The fighting raged on even after a power-transfer deal — brokered by Yemen’s Persian Gulf neighbors and the United States — paved the way for Saleh to step down in November.
Hadi, who was Saleh’s handpicked successor, has surprised his critics by ousting Saleh’s half brother and nephew from key positions in the military. However, he has not tried to dismiss Ahmed Ali Saleh or his other cousins, who command powerful sections of the military.
For the tribesmen in Arhab, the Republican Guard is the most visible symbol of the old order. Around the valley, people refer to the forces as “the Family Guards.”
“The country cannot be safe and stable until Ahmed Ali and other family members step down from their positions,” said Mansour Ali al-Haniq, the tribal leader who commands the fight in Arhab. “They do not follow the orders of the Defense Ministry or the president. They follow the orders of Ali Abdullah Saleh.”
Haniq, a member of parliament from al-Islah, spoke inside his mansion in Sanaa, protected by Mohsen’s soldiers. They seek, he said, the removal of Republican Guard troops from their bases and compensation for the families that lost relatives and property.
At the main military base in Arhab, battered by heavy artillery and mortars, Republican Guard commanders said they were protecting the country from the Islamist party, which, they charged, supports al-Qaeda. The al-
Islah-linked tribesmen, they said, want to gain territory and influence.

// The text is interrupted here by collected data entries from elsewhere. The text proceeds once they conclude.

(* Let $X$ be a finite-dimensional real vector space, $\phi:X\to\mathbf{R}$ a strictly convex norm, $K\subseteq X$ closed, $1<\lambda<\infty$, and $K_\lambda=(X\setminus K)\cap\{x:\rho^\phi_K(x)\ge\lambda\}$. Then there exists $\omega_\lambda:\mathbf{R}\to\mathbf{R}$ with $\lim_{t\downarrow0}\omega_\lambda(t)=0$ such that $$\phi(a-b)\le\delta^\phi_K(x)\,\omega_\lambda\bigl(\phi(x-y)/\delta^\phi_K(x)\bigr)$$ for all $x\in K_\lambda$, $y\in X$, $a\in\xi^\phi_K(x)$, $b\in\xi^\phi_K(y)$.
   Context: A norm $\phi$ is strictly convex if $\phi(a+b)=\phi(a)+\phi(b)$ implies $\phi(b)a=\phi(a)b$. For closed $K$: $\delta^\phi_K(x)=\inf\{\phi(y-x):y\in K\}$; $\xi^\phi_K(x)=K\cap\{w:\phi(x-w)=\delta^\phi_K(x)\}$; $\rho^\phi_K(x)=\sup\bigl(\mathbf{R}\cap\{s:\delta^\phi_K(w+s(x-w))=s\,\delta^\phi_K(x)\}\bigr)$ for any $w\in\xi^\phi_K(x)$ (independent of the choice of $w$). *)

theory Defs
  imports "HOL-Analysis.Analysis"
begin

definition is_norm :: "('a::real_vector \<Rightarrow> real) \<Rightarrow> bool" where
  "is_norm \<phi> \<longleftrightarrow>
     (\<forall>x. 0 \<le> \<phi> x) \<and> (\<forall>x. \<phi> x = 0 \<longleftrightarrow> x = 0) \<and>
     (\<forall>c x. \<phi> (c *\<^sub>R x) = \<bar>c\<bar> * \<phi> x) \<and>
     (\<forall>x y. \<phi> (x + y) \<le> \<phi> x + \<phi> y)"

definition strictly_convex_norm :: "('a::real_vector \<Rightarrow> real) \<Rightarrow> bool" where
  "strictly_convex_norm \<phi> \<longleftrightarrow>
     (\<forall>a b. \<phi> (a + b) = \<phi> a + \<phi> b \<longrightarrow> \<phi> b *\<^sub>R a = \<phi> a *\<^sub>R b)"

definition dist_phi :: "('a::real_vector \<Rightarrow> real) \<Rightarrow> 'a set \<Rightarrow> 'a \<Rightarrow> real" where
  "dist_phi \<phi> K x = Inf {\<phi> (y - x) | y. y \<in> K}"

definition nearest_phi :: "('a::real_vector \<Rightarrow> real) \<Rightarrow> 'a set \<Rightarrow> 'a \<Rightarrow> 'a set" where
  "nearest_phi \<phi> K x = K \<inter> {w. \<phi> (x - w) = dist_phi \<phi> K x}"

text \<open>rho, valued in the extended reals since the supremum may be infinite;
  w is any point of nearest_phi (the paper notes independence of the choice).\<close>
definition reach_phi :: "('a::real_vector \<Rightarrow> real) \<Rightarrow> 'a set \<Rightarrow> 'a \<Rightarrow> ereal" where
  "reach_phi \<phi> K x =
     (let w = (SOME w. w \<in> nearest_phi \<phi> K x)
      in Sup (ereal ` {s::real. dist_phi \<phi> K (w + s *\<^sub>R (x - w)) = s * dist_phi \<phi> K x}))"

end

(*
  Fix 1 < \<mu> < \<lambda>. If \<rho>(x) > \<mu> and a is a nearest point of x, then for some s > \<mu> the
  ball of radius s \<delta>(x) about a + s (x - a) has no point of K in its interior; by strict
  convexity this makes a the unique nearest point. For b nearest to y, the normalised vectors
  u = (x - a) / \<delta>(x) and b' = (b - a) / \<delta>(x) satisfy \<phi> u = 1, \<phi> (b' - u) \<le> 1 + 2 t with
  t = \<phi> (x - y) / \<delta>(x), and \<phi> (b' - \<mu> u) \<ge> \<mu>; so \<omega>(t) can be taken to be the supremum of \<phi> b'
  over all such configurations. At t = 0 strict convexity forces b' = 0, since the unit ball
  about u touches the ball of radius \<mu> about \<mu> u only at 0, and compactness of the
  configurations turns this into \<omega>(t) \<rightarrow> 0.
*)

theory Submission imports Defs begin

lemma is_norm_nonneg: "is_norm \<phi> \<Longrightarrow> 0 \<le> \<phi> x"
  by (simp add: is_norm_def)

lemma is_norm_eq_0_iff: "is_norm \<phi> \<Longrightarrow> \<phi> x = 0 \<longleftrightarrow> x = 0"
  by (simp add: is_norm_def)

lemma is_norm_scaleR: "is_norm \<phi> \<Longrightarrow> \<phi> (c *\<^sub>R x) = \<bar>c\<bar> * \<phi> x"
  by (simp add: is_norm_def)

lemma is_norm_triangle: "is_norm \<phi> \<Longrightarrow> \<phi> (x + y) \<le> \<phi> x + \<phi> y"
  by (simp add: is_norm_def)

lemma is_norm_minus_commute: "is_norm \<phi> \<Longrightarrow> \<phi> (x - y) = \<phi> (y - x)"
  using is_norm_scaleR[of \<phi> "-1" "x - y"] by simp

lemma is_norm_triangle_diff: "is_norm \<phi> \<Longrightarrow> \<phi> (x - z) \<le> \<phi> (x - y) + \<phi> (y - z)"
  using is_norm_triangle[of \<phi> "x - y" "y - z"] by simp

lemma is_norm_unit_exists:
  fixes \<phi> :: "'a::euclidean_space \<Rightarrow> real"
  assumes N: "is_norm \<phi>"
  obtains u where "\<phi> u = 1"
proof -
  obtain e :: 'a where "e \<in> Basis" using nonempty_Basis by blast
  then have "0 < \<phi> e" using is_norm_nonneg[OF N, of e] is_norm_eq_0_iff[OF N, of e] by auto
  then have "\<phi> ((1 / \<phi> e) *\<^sub>R e) = 1" by (simp add: is_norm_scaleR[OF N])
  then show ?thesis by (rule that)
qed

lemma is_norm_convex_on: "is_norm \<phi> \<Longrightarrow> convex_on UNIV \<phi>"
proof (rule convex_onI)
  fix t x y assume N: "is_norm \<phi>" and t: "0 < t" "t < (1::real)"
  have "\<phi> ((1 - t) *\<^sub>R x + t *\<^sub>R y) \<le> \<phi> ((1 - t) *\<^sub>R x) + \<phi> (t *\<^sub>R y)"
    using is_norm_triangle[OF N] .
  also have "\<dots> = (1 - t) * \<phi> x + t * \<phi> y"
    using t by (simp add: is_norm_scaleR[OF N])
  finally show "\<phi> ((1 - t) *\<^sub>R x + t *\<^sub>R y) \<le> (1 - t) * \<phi> x + t * \<phi> y" .
qed simp

lemma continuous_on_is_norm:
  fixes \<phi> :: "'a::euclidean_space \<Rightarrow> real"
  assumes "is_norm \<phi>" and "continuous_on S f"
  shows "continuous_on S (\<lambda>x. \<phi> (f x))"
proof -
  have "continuous_on UNIV \<phi>"
    using convex_on_continuous[OF open_UNIV is_norm_convex_on[OF assms(1)]] by blast
  then show ?thesis
    using assms(2) by (rule continuous_on_compose2) simp
qed

lemma is_norm_sublevel_bounded:
  fixes \<phi> :: "'a::euclidean_space \<Rightarrow> real"
  assumes N: "is_norm \<phi>"
  shows "bounded {x. \<phi> x \<le> r}"
proof -
  obtain e :: 'a where "e \<in> Basis" using nonempty_Basis by blast
  then have "sphere (0::'a) 1 \<noteq> {}" by (auto simp: norm_Basis)
  then obtain x0 where x0: "x0 \<in> sphere 0 1" "\<And>y. y \<in> sphere 0 1 \<Longrightarrow> \<phi> x0 \<le> \<phi> y"
    using continuous_attains_inf[OF compact_sphere _ continuous_on_is_norm[OF N continuous_on_id]]
    by blast
  have pos: "0 < \<phi> x0"
    using x0(1) is_norm_nonneg[OF N, of x0] is_norm_eq_0_iff[OF N, of x0] by auto
  have "norm x \<le> r / \<phi> x0" if "\<phi> x \<le> r" for x
  proof (cases "x = 0")
    case True
    then have "0 \<le> r" using that is_norm_eq_0_iff[OF N, of 0] by simp
    then show ?thesis using True pos by simp
  next
    case False
    have "\<phi> x0 \<le> \<phi> ((1 / norm x) *\<^sub>R x)" using x0(2) False by simp
    also have "\<dots> = \<phi> x / norm x" by (simp add: is_norm_scaleR[OF N])
    finally show ?thesis using False pos that by (simp add: field_simps)
  qed
  then show ?thesis unfolding bounded_iff by blast
qed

“They want to take over the airport and destroy the capital,” said Col. Ahmed Hamoud Jabbar, who heads the base.
A fragile balance of power
At some Republican Guard checkpoints in Arhab, the flag of Saleh’s political party flies. Guard tanks remain positioned outside hostile villages.
“Nothing will change unless the army is unified, reformed and brought under the political leadership,” said Shehab Abu Ghanim, 32, a merchant.
That would most probably require both Mohsen and Ahmed Ali and his cousins to step down. Their forces, along with tribesmen of Yemen’s most influential family, the Ahmars (no relation to Mohsen), have divided up the capital and its outskirts. Analysts say undoing this fragile balance of power too quickly could generate more violence and political tensions, further eroding Hadi’s authority.
As they help maintain relative calm, many of Yemen’s elite forces are not being deployed to fight militants. Underscoring the significance of the capital and Arhab to their political survival, Mohsen — whose al-Islah party is part of Hadi’s coalition government — and Ahmed Ali have each sent only one company of troops to the south, said a senior Yemeni official close to Hadi who spoke on the condition of anonymity because of the sensitivity of the matter.
Mohsen’s troops, in particular, have abundant experience against insurrections, having fought six civil wars against Shiite Houthi rebels in the north.
“Al-Qaeda will get stronger if this situation continues in the capital,” said Sultan al-Barakani, a top ruling-party official.
Even if the military is unified, the psychological trauma will probably linger in Arhab. Scores of pregnant women have suffered miscarriages as a result of the shelling, residents said. Water pumps have been destroyed, as was the only medical clinic in the area.
Twenty days ago, Ali Ahmed al-Marrani returned with his family to their ancestral home in the village of Shaab in Arhab district. Once 83 relatives lived here, but the others are too scared to return. The house is littered with debris and shells, save for three rooms.
“What is our guilt?” said Marrani, staring at a Republican Guard base perched on a mountainside above his home. “Is it because we stood with the revolution?”